What is Logistic Regression?
When you are conducting a study, there’s nothing better than having all your data nice and straight. After all, you know that when this happens, it is easier to predict outcomes. However, this doesn’t always happen.
Discover the best online statistics calculators.
The reality is that sometimes, you want to know how likely something happens and not the actual outcome. So, you need to look at logistic regression.
What is Logistic Regression?
As you probably remember, variables can be either categorical or continuous. Categorical variables are the ones that exist as some sort of discrete unit like multiple choice answers. On the other hand, continuous variables are the ones that exist on some scale like gas mileage or height.
As you can easily understand, each type of variable has a particular type of statistics linked with them due to their nature.
Understanding the difference between correlation and linear regression.
In the case of linear regression, you deal with continuous variables. This way, you can analyze the data and predict an outcome based on a scale. However, in what concerns to categorical variables, there are no traditional scales or lines. So, this means you can’t use linear regression.
So, when this happens, the first thing you need to look at is binary logistic regression. Let’s take a look at a more practical example. Imagine that you just asked some people if they think the temperature (in Fahrenheit) is too hot. Their answers are expressed in the chart below:
As you can see, the data isn’t a normal scatter plot. You can see that the data points aren’t all over the place – they are focused on either 1 or 0 because these were the answers people have to choose from.
Discover how to perform a simple regression analysis.
This means you can’t calculate the typical line as you would for linear regression because there is no “sort of” response.

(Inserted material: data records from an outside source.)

(* Assume the network is UJSC, the weight rules hold, and the interior-point condition for $(\mathrm{ADRCP}^k)$ holds. Let the stepsizes $\alpha(t)>0$ be nonincreasing with $\alpha(t)=\Theta(1/\sqrt{t})$, i.e. there are constants $0<\kappa_1\le\kappa_2$ with $\kappa_1/\sqrt{t+1}\le\alpha(t)\le\kappa_2/\sqrt{t+1}$ for all $t\ge0$. For the DPG iteration $\theta_i(t+1)=P_{\Omega_i}\big[\sum_{j=1}^m a_{ij}(t)\theta_j(t)-\alpha(t)c\big]$ define $\hat\theta_i(t)=\sum_{r=0}^t\alpha(r)\theta_i(r)\big/\sum_{\tau=0}^t\alpha(\tau)$. Then there is a constant $K$ such that for all $i\in\mathcal V$ and all $t\ge 1$, $|f_0(\hat\theta_i(t))-f_0^*|\le K\,\ln(t+1)/\sqrt{t}$; i.e. $|f_0(\hat\theta_i(t))-f_0^*|=O(\ln t/\sqrt t)$.
   Context: Network: agents $\mathcal V=\{1,\dots,m\}$. For each time slot $t\in\mathbb Z_{\ge 0}$ there is a directed graph $\mathcal G(t)=(\mathcal V,\mathcal E(t))$; $(j,i)\in\mathcal E(t)$ means agent $j$ can send information to agent $i$ at slot $t$, and $N_i^{in}(t)=\{j:(j,i)\in\mathcal E(t)\}$. UJSC (uniform joint strong connectivity): there is an integer $S>0$ such that for every $t\ge 0$ the graph $(\mathcal V,\mathcal E(t)\cup\cdots\cup\mathcal E(t+S-1))$ is strongly connected. Weight rules: $A(t)=[a_{ij}(t)]\in\mathbb R^{m\times m}$ with $a_{ij}(t)>0$ if $j\in N_i^{in}(t)$ and $a_{ij}(t)=0$ otherwise; $\sum_{j}a_{ij}(t)=1$ for all $i,t$ (row stochastic, not necessarily column stochastic); $(i,i)\in\mathcal E(t)$ for all $i,t$; and there is $\gamma\in(0,1)$ with $a_{ij}(t)\ge\gamma$ whenever $a_{ij}(t)>0$ (in particular $a_{ii}(t)\ge\gamma$). Problem data: $X\subseteq\mathbb R^n$ is nonempty, compact and convex. For each $i\in\mathcal V$: $f_i:\mathbb R^n\to\mathbb R$ is convex; $Y_i\subseteq\mathbb R$ is nonempty, compact, convex; $g_i:\mathbb R^n\times Y_i\to\mathbb R$ is continuous on $X\times Y_i$ and convex in $x$ for each fixed $y$; $Y_i^k\subset Y_i$ is a finite set and $\epsilon_i^k>0$. The problem $(\mathrm{ADRCP}^k)$ is: minimize $\sum_{i=1}^m f_i(x)$ over $x\in X$ subject to $g_i(x,y)\le-\epsilon_i^k$ for all $y\in Y_i^k$ and all $i$. Interior-point condition: the feasible set of $(\mathrm{ADRCP}^k)$ is nonempty and there is $\tilde x$ in it with $g_i(\tilde x,y)<-\epsilon_i^k$ for all $y\in Y_i^k$, $i\in\mathcal V$. Epigraphic reformulation: $\theta=(x,u)\in\Theta=X\times\mathbb R^m$; $\Omega_i=\{(x,u)\in\Theta: f_i(x)-u_i\le 0,\ g_i(x,y)\le-\epsilon_i^k\ \forall y\in Y_i^k\}$; $\Omega=\bigcap_{i=1}^m\Omega_i$; $c=(0_n,\tfrac1m\mathbf 1_m)\in\mathbb R^{n+m}$ and $f_0(\theta)=c^\top\theta=\tfrac1m\sum_i u_i$. $\Omega^*$ is the set of minimizers of $f_0$ over $\Omega$ and $f_0^*$ the optimal value. $P_K$ denotes Euclidean projection onto a closed convex set $K$. Initial points $\theta_i(0)\in\mathbb R^{n+m}$ are arbitrary. *)

theory Defs
  imports "HOL-Analysis.Analysis"
begin

text \<open>Agents are the elements of a finite type 'm (V = UNIV). Decision variable x lives in
  real^'n; the epigraphic variable is theta = (x,u) in real^'n \<times> real^'m (Euclidean R^(n+m)).\<close>

definition strongly_connected :: "('m \<times> 'm) set \<Rightarrow> bool" where
  "strongly_connected E \<longleftrightarrow> (\<forall>i j. (i, j) \<in> E\<^sup>*)"

text \<open>Uniform joint strong connectivity; (j,i) in E t means j can send to i at slot t.\<close>
definition UJSC :: "(nat \<Rightarrow> ('m \<times> 'm) set) \<Rightarrow> bool" where
  "UJSC E \<longleftrightarrow> (\<exists>S::nat. S > 0 \<and> (\<forall>t. strongly_connected (\<Union>s\<in>{t..<t+S}. E s)))"

definition weight_rules ::
  "(nat \<Rightarrow> ('m::finite \<times> 'm) set) \<Rightarrow> (nat \<Rightarrow> 'm \<Rightarrow> 'm \<Rightarrow> real) \<Rightarrow> real \<Rightarrow> bool" where
  "weight_rules E a \<gamma> \<longleftrightarrow>
     (\<forall>t i j. ((j, i) \<in> E t \<longrightarrow> a t i j > 0) \<and> ((j, i) \<notin> E t \<longrightarrow> a t i j = 0)) \<and>
     (\<forall>t i. (\<Sum>j\<in>UNIV. a t i j) = 1) \<and>
     (\<forall>t i. (i, i) \<in> E t) \<and>
     0 < \<gamma> \<and> \<gamma> < 1 \<and>
     (\<forall>t i j. a t i j > 0 \<longrightarrow> a t i j \<ge> \<gamma>)"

Instead, you need to calculate the probability of a person responding either 1 or 0. That is what binary logistic regression is for. We use it to calculate the chance of a person responding to one of two choices.
The general model for binary logistic regression is:
Where:
- P(Y) means that we are calculating the probability of an outcome of 1 occurring.
- e shows the use of logarithmic functions that create a line of best fit for the data.
So, after running the analysis, your model looks like this:
Is Your Model Any Good?
One of the things that you always need to keep in mind about logistic regression is that this type of model can’t be interpreted as a linear regression model using R2.
The truth is that with the logistic regression, you are interested in the probability of an outcome and not in the actual outcome. Therefore, you need to consider the likelihood of an outcome. This is called log-likelihood.
Learn how to interpret regression coefficients.
Simply put, the log-likelihood refers to adding the probability of the predicted outcome to the probability of the actual outcome so that you can get a sense of how well our model explains all the probability of the event occurring.